Anselm refused to be drawn into debate. “I’ll grant you, God does not make mistakes. He made men to be
men and women to be women, and never intended them to pair off with their own kind.”
He paused and looked at Bartholomew. “Let me ask you something. Does God love Koli?”
“Of course.”
“Was that God’s love you expressed to him Friday afternoon?”
Bartholomew did not answer.
“Well?”
Silence.
“I’m disappointed in you, Bartholomew. I’d assumed you understood what was going on here. God has been repatterning Koli’s
responses into something more appropriate for monastic life. We cannot live together, as we’ve been called to, unless we are
chaste. You know that. We must embrace chastity in every aspect of our thought-life, as well as our behavior.”
He sighed and shook his head. “Koli was coming into that. But your rejection of him last Friday has set that process back
months
. In fact—we may have lost him.”
Bartholomew jumped to his feet. “I tell you, Anselm, I couldn’t help it!”
“No!” Anselm glared up at him. “Let
me
tell
you!
If God had been in your heart to the degree He should have been, you would not have reacted that way. Now—
sit
—
back
—
down
, Brother Bartholomew! I am
not
finished with you!”
Bartholomew’s jaw tightened. “Well, I’m finished with—” he stopped, in the certain knowledge that if he said one more word,
he might well be finished with far more than this conversation.
He sat back down, glowering at his spiritual authority.
Almost hoping that he would give him an excuse to say—what could never be unsaid.
Neither man spoke.
Then Anselm asked quietly, “How long has it been since you’ve written anything in your spiritual journal?”
“Oh, for God’s sake, Anselm! You know what our life is like! We’re on the go from the moment we wake up! Matins, Lauds, Mass,
Terce, Sext, None, Vespers, Compline, Vigils—and in between we’re expected to put in a full day’s work! Plus, I’ve got all
the grounds to look after, and the Brothers’ exercise program to run, and Illumination and Calligraphy to teach, and I’m responsible
for Koli—or I was.”
Outside the window there was a flash of red. A cardinal had arrived at the bird feeder. A slow smile came to Anselm, who nodded
to the visitor in red vestments. “Whenever one of those comes, I take it as a sign of God’s presence. I believe He is here
now—no matter how unpleasant this might be for you.”
Bartholomew said nothing. He was not about to admit that that was exactly the way he felt about cardinals, too.

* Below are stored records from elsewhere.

lemma cap_right_eta_even:
  assumes even: "\<not> (odd p \<and> odd (q - p))"
  shows "\<phi> (capR N lm rm gen f p q m x)
    = (- 1) ^ p * cupAM N R lm rm gen f p (eta \<iota> lm \<phi>) (q - p) x m"
proof -
  have "length [] + nu N p + length [] + nu N (q - p) + length [] = nu N q"
    using nu_add[of p "q - p" N] even pq by auto
  note slice = contract2_slice_right[OF \<iota> M SR x this lin_M_right_action[OF \<iota> M f, of 1 m 1 1] \<phi>]
  have "even (p * q) \<longleftrightarrow> even p"
    using even pq odd_add[of p "q - p"] by auto
  then have "capR N lm rm gen f p q m x
      = (\<lambda>e. negp p (if length e = nu N (q - p) then rm m (f (\<lambda>s. x (s @ e))) else 0))"
    unfolding capR_def if_P[OF even] by (auto simp: negp_def)
  moreover have "cupAM N R lm rm gen f p (eta \<iota> lm \<phi>) (q - p) x m = contract2 (nu N p)
      (Wsp N R (nu N p)) (Wsp N R (nu N (q - p))) (\<lambda>h t. eta \<iota> lm \<phi> t (rm m (f h))) x"
    unfolding cupAM_def Let_def if_P[OF even] ..
  ultimately show ?thesis
    using slice lin_Mk_negp[OF \<phi> _ \<iota> M] bimod_lm_one[OF M] by (simp cong: if_cong)
qed

lemma cap_right_eta_odd:
  assumes odd: "odd p \<and> odd (q - p)"
  shows "\<phi> (capR N lm rm gen f p q m x)
    = (- 1) ^ p * cupAM N R lm rm gen f p (eta \<iota> lm \<phi>) (q - p) x m"
proof -
  let ?A = "{(i, j). i + j \<le> N - 2}"
  let ?B = "\<lambda>(i, j). outer3 x i (nu N p) (N - j - 2 - i) j"
  define G where "G = (\<lambda>(I, C, J) e. if length e = nu N (q - p)
    then lm (gw gen J) (rm m (gw gen I * f (\<lambda>s. x (I @ s @ C @ e @ J)) * gw gen C)) else 0)"
  have nq: "nu N p + nu N (q - p) + (N - 2) = nu N q"
    using nu_add_odd[of p "q - p" N] odd N pq by simp
  then have xt: "x \<in> tens (nu N p + nu N (q - p) + (N - 2))" using x Wsp_subset_tens by auto
  have slice: "G (I, C, J) \<in> MT \<iota> lm (Wsp N R (nu N (q - p))) \<and> \<phi> (G (I, C, J)) =
      contract2 (nu N p) (Wsp N R (nu N p)) (Wsp N R (nu N (q - p)))
        (\<lambda>h t. eta \<iota> lm \<phi> t (lm (gw gen J) (rm m (gw gen I * f h * gw gen C))))
        (\<lambda>s. x (I @ take (nu N p) s @ C @ drop (nu N p) s @ J))"
    if "(i, j) \<in> ?A" "(I, C, J) \<in> outer3 x i (nu N p) (N - j - 2 - i) j" for i j I C J
  proof -
    have "length I + nu N p + length C + nu N (q - p) + length J = nu N q"
      using outer3_block_lengths[OF xt that(2)] that(1) nq by simp
    from contract2_slice_right[OF \<iota> M SR x this lin_M_right_action[OF \<iota> M f] \<phi>]
    show ?thesis by (simp add: G_def)
  qed
  have "\<forall>a\<in>?A. \<forall>b\<in>?B a. G b \<in> MT \<iota> lm (Wsp N R (nu N (q - p)))" using slice by fast
  note sums = lin_Mk_double_sum[OF \<phi> finite_index_pairs _ this] finite_outer3[OF xt]
  have "capR N lm rm gen f p q m x = (\<lambda>e. \<Sum>a\<in>?A. \<Sum>b\<in>?B a. G b e)"
    using odd by (auto simp: capR_def G_def case_prod_unfold fun_eq_iff)
  then have "\<phi> (capR N lm rm gen f p q m x) = (\<Sum>a\<in>?A. \<Sum>b\<in>?B a. \<phi> (G b))"
    using sums by auto
  also have "\<dots> = (- 1) ^ p * cupAM N R lm rm gen f p (eta \<iota> lm \<phi>) (q - p) x m"
    using slice odd by (auto simp: cupAM_def Let_def intro!: sum.cong)
  finally show ?thesis .
qed

lemma cap_left_eta:
  "\<phi> (capL N lm rm gen f p q m x) = cupMA N R lm rm gen (eta \<iota> lm \<phi>) (q - p) f p x m"
  using cap_left_eta_even cap_left_eta_odd by blast

lemma cap_right_eta:
  "\<phi> (capR N lm rm gen f p q m x)
    = (- 1) ^ p * cupAM N R lm rm gen f p (eta \<iota> lm \<phi>) (q - p) x m"
  using cap_right_eta_even cap_right_eta_odd by blast

end

theorem proposition4p2:
  fixes N :: nat and R :: "('b list \<Rightarrow> 'k::field) set"
    and \<iota> :: "'k \<Rightarrow> 'a::ring_1" and gen :: "'b \<Rightarrow> 'a"
    and lm :: "'a \<Rightarrow> 'm::ab_group_add \<Rightarrow> 'm" and rm :: "'m \<Rightarrow> 'a \<Rightarrow> 'm"
    and p q :: nat and f :: "('b list \<Rightarrow> 'k) \<Rightarrow> 'a" and \<phi> :: "('b list \<Rightarrow> 'm) \<Rightarrow> 'k"
  assumes "N \<ge> 2"
    and "subspace_tens N R"
    and "presents N R \<iota> gen"
    and "bimod \<iota> lm rm"
    and "p \<le> q"
    and "lin_A \<iota> (Wsp N R (nu N p)) f"
    and "lin_Mk \<iota> lm (MT \<iota> lm (Wsp N R (nu N (q - p)))) \<phi>"
  shows "(\<forall>x\<in>Wsp N R (nu N q). \<forall>m.
            \<phi> (capL N lm rm gen f p q m x)
              = cupMA N R lm rm gen (eta \<iota> lm \<phi>) (q - p) f p x m)
       \<and> (\<forall>x\<in>Wsp N R (nu N q). \<forall>m.
            \<phi> (capR N lm rm gen f p q m x)
              = (-1) ^ p * cupAM N R lm rm gen f p (eta \<iota> lm \<phi>) (q - p) x m)"
proof -
  have \<iota>: "kalg \<iota>" using assms(3) unfolding presents_def by blast
  show ?thesis
    using cap_left_eta[OF assms(1,2) \<iota> assms(4-7)] cap_right_eta[OF assms(1,2) \<iota> assms(4-7)]
    by blast
qed

end
section \<open>The Green operator of an exponential dichotomy\<close>

locale dichotomy =
  fixes nrm :: "real^'n \<Rightarrow> real" and A \<Phi> P :: "real \<Rightarrow> real^'n^'n"
    and N lam :: real and \<tau> :: ereal
  assumes nrm: "is_norm nrm"
    and fundamental: "fundamental_matrix A \<Phi>"
    and P_commute: "\<forall>t\<ge>0. \<forall>s\<ge>0. P t ** (\<Phi> t ** matrix_inv (\<Phi> s)) = (\<Phi> t ** matrix_inv (\<Phi> s)) ** P s"
    and stable_decay: "\<forall>t s. 0 \<le> s \<and> s \<le> t \<longrightarrow>
      mat_norm nrm ((\<Phi> t ** matrix_inv (\<Phi> s)) ** P s) \<le> N * exp (- lam * (t - s))"
    and unstable_decay: "\<forall>t s. 0 \<le> t \<and> t \<le> s \<longrightarrow>
      mat_norm nrm ((\<Phi> t ** matrix_inv (\<Phi> s)) ** (mat 1 - P s)) \<le> N * exp (- lam * (s - t))"
    and N_pos: "0 < N" and lam_pos: "0 < lam" and tau_pos: "0 < \<tau>"
begin

definition \<Psi> :: "real \<Rightarrow> real^'n^'n" where
  "\<Psi> s = matrix_inv (\<Phi> s)"

definition stable_part :: "(real \<Rightarrow> real^'n) \<Rightarrow> real \<Rightarrow> real^'n" where
  "stable_part G s = (\<Psi> s ** P s) *v G s"

definition unstable_part :: "(real \<Rightarrow> real^'n) \<Rightarrow> real \<Rightarrow> real^'n" where
  "unstable_part G s = (\<Psi> s ** (mat 1 - P s)) *v G s"

text \<open>Variation of constants with the Green function of the dichotomy: for continuous \<open>G\<close>
  with \<open>nrm (G s) \<le> M\<close> this is a solution of \<open>x' = A x + G\<close> on \<open>Itau \<tau>\<close>
  bounded by \<open>2 N M / lam\<close>.\<close>
definition green_op :: "(real \<Rightarrow> real^'n) \<Rightarrow> real \<Rightarrow> real^'n" where
  "green_op G t = \<Phi> t *v (integral {0..t} (stable_part G) - integral (Itau \<tau> \<inter> {t..}) (unstable_part G))"

lemma Phi_has_vector_derivative:
  "0 \<le> t \<Longrightarrow> (\<Phi> has_vector_derivative A t ** \<Phi> t) (at t within {0..})"
  using fundamental unfolding fundamental_matrix_def by blast

lemma Phi_Psi: "0 \<le> s \<Longrightarrow> \<Phi> s ** \<Psi> s = mat 1"
  and Psi_Phi: "0 \<le> s \<Longrightarrow> \<Psi> s ** \<Phi> s = mat 1"
  using fundamental invertible_matrix_inv unfolding fundamental_matrix_def \<Psi>_def by blast+

lemma continuous_on_Phi: "continuous_on {0..} \<Phi>"
  by (rule continuous_on_vector_derivative) (use Phi_has_vector_derivative in auto)

lemma continuous_on_Psi_mult:
  assumes "continuous_on U G" "U \<subseteq> {0..}"
  shows "continuous_on U (\<lambda>s. \<Psi> s *v G s)"
  unfolding \<Psi>_def
proof (rule continuous_on_matrix_inv_mult[OF _ _ assms(1)])
  show "continuous_on U \<Phi>" using continuous_on_subset[OF continuous_on_Phi assms(2)] .
  show "\<And>s. s \<in> U \<Longrightarrow> invertible (\<Phi> s)"
    using fundamental assms(2) unfolding fundamental_matrix_def by auto
qed

text \<open>The invariance of the projections makes \<open>P s\<close> conjugate to \<open>P 0\<close>, so the stable
  part depends continuously on \<open>s\<close>.\<close>
lemma Psi_P_eq:
  assumes "0 \<le> s"
  shows "\<Psi> s ** P s = (\<Psi> 0 ** P 0 ** \<Phi> 0) ** \<Psi> s"
proof -
  have comm: "P s ** (\<Phi> s ** \<Psi> 0) = (\<Phi> s ** \<Psi> 0) ** P 0"
    using P_commute assms unfolding \<Psi>_def by auto
  have "(\<Phi> s ** \<Psi> 0) ** (\<Phi> 0 ** \<Psi> s) = \<Phi> s ** ((\<Psi> 0 ** \<Phi> 0) ** \<Psi> s)"
    by (simp only: matrix_mul_assoc)
  also have "\<dots> = mat 1"
    using Psi_Phi[of 0] Phi_Psi[OF assms] by simp
  finally have id: "(\<Phi> s ** \<Psi> 0) ** (\<Phi> 0 ** \<Psi> s) = mat 1" .
  have "\<Psi> s ** P s = (\<Psi> s ** P s) ** ((\<Phi> s ** \<Psi> 0) ** (\<Phi> 0 ** \<Psi> s))"
    by (simp add: id)
  also have "\<dots> = \<Psi> s ** (P s ** (\<Phi> s ** \<Psi> 0)) ** (\<Phi> 0 ** \<Psi> s)"
    by (simp only: matrix_mul_assoc)
  also have "\<dots> = \<Psi> s ** ((\<Phi> s ** \<Psi> 0) ** P 0) ** (\<Phi> 0 ** \<Psi> s)"
    by (simp only: comm)
  also have "\<dots> = (\<Psi> s ** \<Phi> s) ** (\<Psi> 0 ** P 0 ** \<Phi> 0) ** \<Psi> s"
    by (simp only: matrix_mul_assoc)
  also have "\<dots> = (\<Psi> 0 ** P 0 ** \<Phi> 0) ** \<Psi> s"
    using Psi_Phi[OF assms] by simp
  finally show ?thesis .
qed

lemma stable_part_eq: "0 \<le> s \<Longrightarrow> stable_part G s = (\<Psi> 0 ** P 0 ** \<Phi> 0) *v (\<Psi> s *v G s)"
  unfolding stable_part_def by (subst Psi_P_eq) (simp_all only: matrix_vector_mul_assoc)

lemma stable_plus_unstable: "stable_part G s + unstable_part G s = \<Psi> s *v G s"
proof -
  have "stable_part G s + unstable_part G s = \<Psi> s *v (P s *v G s + (mat 1 - P s) *v G s)"
    unfolding stable_part_def unstable_part_def
    by (simp only: matrix_vector_mul_assoc matrix_vector_right_distrib)
  also have "P s *v G s + (mat 1 - P s) *v G s = G s"
    by (simp add: matrix_vector_mult_diff_rdistrib)
  finally show ?thesis .
qed

lemma continuous_on_stable_part:
  assumes "continuous_on U G" "U \<subseteq> {0..}"
  shows "continuous_on U (stable_part G)"
  using continuous_on_matrix_vector_mult_const[OF continuous_on_Psi_mult[OF assms]]
  by (rule continuous_on_cong[THEN iffD1, rotated 2]) (use assms(2) stable_part_eq in auto)

lemma continuous_on_unstable_part:
  assumes "continuous_on U G" "U \<subseteq> {0..}"
  shows "continuous_on U (unstable_part G)"
proof -
  have "unstable_part G = (\<lambda>s. \<Psi> s *v G s - stable_part G s)"
    using stable_plus_unstable by (auto simp: algebra_simps)
  then show ?thesis
    by (simp add: continuous_on_diff continuous_on_Psi_mult continuous_on_stable_part assms)
qed

lemma stable_part_decay:
  assumes "0 \<le> s" "s \<le> t"
  shows "nrm (\<Phi> t *v stable_part G s) \<le> N * exp (- lam * (t - s)) * nrm (G s)"
proof -
  have "\<Phi> t *v stable_part G s = ((\<Phi> t ** \<Psi> s) ** P s) *v G s"
    unfolding stable_part_def by (simp only: matrix_vector_mul_assoc matrix_mul_assoc)
  also have "nrm \<dots> \<le> mat_norm nrm ((\<Phi> t ** \<Psi> s) ** P s) * nrm (G s)"
    by (rule is_norm_mat_norm_le[OF nrm])
  also have "\<dots> \<le> N * exp (- lam * (t - s)) * nrm (G s)"
    using stable_decay assms by (intro mult_right_mono is_norm_nonneg[OF nrm]) (auto simp: \<Psi>_def)
  finally show ?thesis .
qed

lemma unstable_part_decay:
  assumes "0 \<le> t" "t \<le> s"
  shows "nrm (\<Phi> t *v unstable_part G s) \<le> N * exp (- lam * (s - t)) * nrm (G s)"
proof -
  have "\<Phi> t *v unstable_part G s = ((\<Phi> t ** \<Psi> s) ** (mat 1 - P s)) *v G s"
    unfolding unstable_part_def by (simp only: matrix_vector_mul_assoc matrix_mul_assoc)
  also have "nrm \<dots> \<le> mat_norm nrm ((\<Phi> t ** \<Psi> s) ** (mat 1 - P s)) * nrm (G s)"
    by (rule is_norm_mat_norm_le[OF nrm])
  also have "\<dots> \<le> N * exp (- lam * (s - t)) * nrm (G s)"
    using unstable_decay assms by (intro mult_right_mono is_norm_nonneg[OF nrm]) (auto simp: \<Psi>_def)
  finally show ?thesis .
qed

lemma norm_Phi_unstable_part_le_exp:
  assumes G: "G \<in> continuous_cball nrm (Itau \<tau>) M" and s: "s \<in> Itau \<tau>" and "0 \<le> r" "r \<le> s"
  shows "nrm (\<Phi> r *v unstable_part G s) \<le> N * M * exp (lam * r) * exp (- lam * s)"
proof -
  have "nrm (\<Phi> r *v unstable_part G s) \<le> N * exp (- lam * (s - r)) * nrm (G s)"
    by (rule unstable_part_decay) fact+
  also have "\<dots> \<le> N * exp (- lam * (s - r)) * M"
    using G s N_pos by (intro mult_left_mono) (auto simp: continuous_cball_def)
  also have "\<dots> = N * M * exp (lam * r) * exp (- lam * s)"
    by (simp add: algebra_simps flip: exp_add)
  finally show ?thesis .
qed

lemma continuous_on_unstable_part_atLeast:
  assumes "G \<in> continuous_cball nrm (Itau \<tau>) M"
  shows "continuous_on (Itau \<tau> \<inter> {t..}) (unstable_part G)"
  using assms continuous_on_subset[of "Itau \<tau>" G "Itau \<tau> \<inter> {t..}"] Itau_nonneg[of \<tau>]
  by (intro continuous_on_unstable_part) (auto simp: continuous_cball_def)

lemma integrable_unstable_part:
  assumes G: "G \<in> continuous_cball nrm (Itau \<tau>) M"
  shows "unstable_part G integrable_on (Itau \<tau> \<inter> {t..})"
proof -
  obtain C where C: "C > 0" "\<And>x. norm x \<le> C * nrm x" using norm_le_is_norm[OF nrm] by blast
  obtain K where K: "K > 0" "\<And>x. norm (\<Psi> 0 *v x) \<le> norm x * K"
    using bounded_linear.pos_bounded[OF matrix_vector_mul_bounded_linear[of "\<Psi> 0"]] by blast
  show ?thesis
  proof (rule integrable_on_exp_decay[OF continuous_on_unstable_part_atLeast[OF G]
        Itau_inter_atLeast_lebesgue _ lam_pos])
    fix s assume s: "s \<in> Itau \<tau> \<inter> {t..}"
    then have s0: "0 \<le> s" using Itau_nonneg by auto
    have "unstable_part G s = \<Psi> 0 *v (\<Phi> 0 *v unstable_part G s)"
      using Psi_Phi[of 0] by (simp add: matrix_vector_mul_assoc)
    then have "norm (unstable_part G s) = norm (\<Psi> 0 *v (\<Phi> 0 *v unstable_part G s))"
      by (rule arg_cong)
    also have "\<dots> \<le> norm (\<Phi> 0 *v unstable_part G s) * K"
      by (rule K(2))
    also have "\<dots> \<le> C * nrm (\<Phi> 0 *v unstable_part G s) * K"
      using C(2) K(1) by (intro mult_right_mono) auto
    also have "\<dots> \<le> C * (N * M * exp (lam * 0) * exp (- lam * s)) * K"
      using norm_Phi_unstable_part_le_exp[OF G _ order_refl s0] s C(1) K(1)
      by (intro mult_right_mono mult_left_mono) auto
    finally show "norm (unstable_part G s) \<le> (C * N * M * K) * exp (- lam * s)"
      by (simp add: algebra_simps)
  qed auto
qed

lemma integrable_norm_Phi_unstable_part:
  assumes G: "G \<in> continuous_cball nrm (Itau \<tau>) M" and t: "0 \<le> t"
  shows "(\<lambda>s. nrm (\<Phi> t *v unstable_part G s)) integrable_on (Itau \<tau> \<inter> {t..})"
proof (rule integrable_on_exp_decay[OF _ Itau_inter_atLeast_lebesgue _ lam_pos])
  show "continuous_on (Itau \<tau> \<inter> {t..}) (\<lambda>s. nrm (\<Phi> t *v unstable_part G s))"
    by (intro continuous_on_is_norm_comp[OF nrm] continuous_on_matrix_vector_mult_const
        continuous_on_unstable_part_atLeast[OF G])
  show "norm (nrm (\<Phi> t *v unstable_part G s)) \<le> N * M * exp (lam * t) * exp (- lam * s)"
    if "s \<in> Itau \<tau> \<inter> {t..}" for s
    using norm_Phi_unstable_part_le_exp[OF G _ t] that is_norm_nonneg[OF nrm] by auto
qed auto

“In addition to all the other responsibilities you mentioned,” Anselm observed, still smiling, “we’re also expected to be
good stewards of our personal spiritual growth. Now, how long has it been since your last entry?”
When the younger monk didn’t answer, the Senior Brother sighed. “That’s what I thought.”
They both watched the cardinal. Then Anselm asked, “What are the watchwords of Benedictine spirituality?”
No response.
The Senior Brother answered for him. “Hospitality. Striving for excellence in all things, to the glory of God. Internal awareness.
Balance.” He paused. “We’re not
called to be contemplatives,” and then added wistfully, “though many’s the time I’ve wished we were.”